Showing posts with label alcohol. Show all posts
Showing posts with label alcohol. Show all posts

Tuesday, December 22, 2009

I was so right!

Totally regretting the last post! But it's not my style to delete, I prefer to backpaddle.

It has been a long time since I've been in anything that can be described as a relationship. A long time. So when I get those relationship pangs, I know I'm in no position right now with my job to actually have a relationship for two reasons: first and foremost, it's against the rules. Sort of. Staff can't date staff and staff can't date volunteers. And, martyr that I am, whenever I meet an interesting, funny, smart guy my instinct is to recruit them for a volunteer shift. It's like I'm flogging myself with a chastity belt, but so much less sexy than that! Secondly, I don't have the time and energy left over after work to be able to engage with anyone. I spend all day listening to life stories of the people I'm fighting for (and don't me wrong, it's the most fulfilling work I have ever done), so when I get home I just want to crawl into bed with a movie and turn my brain off.

At times when I do actually go out and socialize and am able to get my mind out of the campaign, that's when the desire for a relationship starts to seep back in.

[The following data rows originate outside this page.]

lemma matrix_inv_cancel:
  fixes A :: "real^'n^'n" assumes "invertible A"
  shows "A *v (matrix_inv A *v y) = y" "matrix_inv A *v (A *v y) = y"
proof -
  have "\<exists>A'. A ** A' = mat 1 \<and> A' ** A = mat 1" using assms unfolding invertible_def .
  from someI_ex[OF this] have "A ** matrix_inv A = mat 1" "matrix_inv A ** A = mat 1"
    unfolding matrix_inv_def by auto
  then show "A *v (matrix_inv A *v y) = y" "matrix_inv A *v (A *v y) = y"
    by (simp_all add: matrix_vector_mul_assoc)
qed

section \<open>The spectral theorem for real symmetric matrices\<close>

text \<open>A quadratic \<open>a t + b t\<^sup>2\<close> that is nonpositive for all \<open>t\<close> has no linear term;
  this is the first-order optimality condition used for the Rayleigh quotient.\<close>

lemma quadratic_nonpos_linear_coeff:
  fixes a b :: real assumes "\<And>t. a * t + b * t^2 \<le> 0" shows "a = 0"
proof (rule ccontr)
  assume a: "a \<noteq> 0"
  define r where "r = 1 / (\<bar>b\<bar> + 1)"
  have r: "r > 0" "\<bar>b\<bar> * r < 1" unfolding r_def by (auto simp: field_simps)
  have val: "a * (a*r) + b * (a*r)^2 = a^2 * r * (1 + b * r)"
    by (simp add: power2_eq_square algebra_simps)
  have "- (b*r) \<le> \<bar>b\<bar> * r" using r by (metis abs_ge_minus_self abs_mult abs_of_pos)
  then have "1 + b*r > 0" using r by linarith
  with a r have "a * (a*r) + b * (a*r)^2 > 0" unfolding val by simp
  then show False using assms[of "a*r"] by simp
qed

So one of the guys from another office (whom I love dearly, he's like my older brother and I admire him endlessly for the work he does and has been doing) calls me up last night at around 10 and asks me if I want to head into Philly to go to a couple bars in the area and out of some twisted place in my head I say yes. It's about an hour away, so I knew after the bars close at 2 I wouldn't be getting to sleep before 3. We meet up (and I meet his new boy... a hot, thug-ish guy who I never would guess was a catcher, let alone gay) I get some alcohol in me and suddenly all I want is contact. All I can think about is taking some guy home and... well, you can probably guess from the last post just what I wanted to do. Naturally, I deny any and all advances from everyone at these bars and go home alone. Not ideal, but I have a long day today (I'm writing this on my lunch break) and I just wanted to sleep in my own bed.

So somehow that desire for an actual relationship mutated into me talking about what I like to do in bed, and I realize that's awfully forward. The way I see it, I have enough great, intelligent people around me every day that I can get the physical stuff from a random stranger and everything will balance out. I know I'm wrong. I have no illusions about that.

So, sorry if the last post was too much! Again, it's how I roll. Especially when inebriated.

Anyways, now I'm hungover but it's not too bad, and I have good people around me again and I'm so freaking excited to see my family on Thursday. Life is pretty okay right now!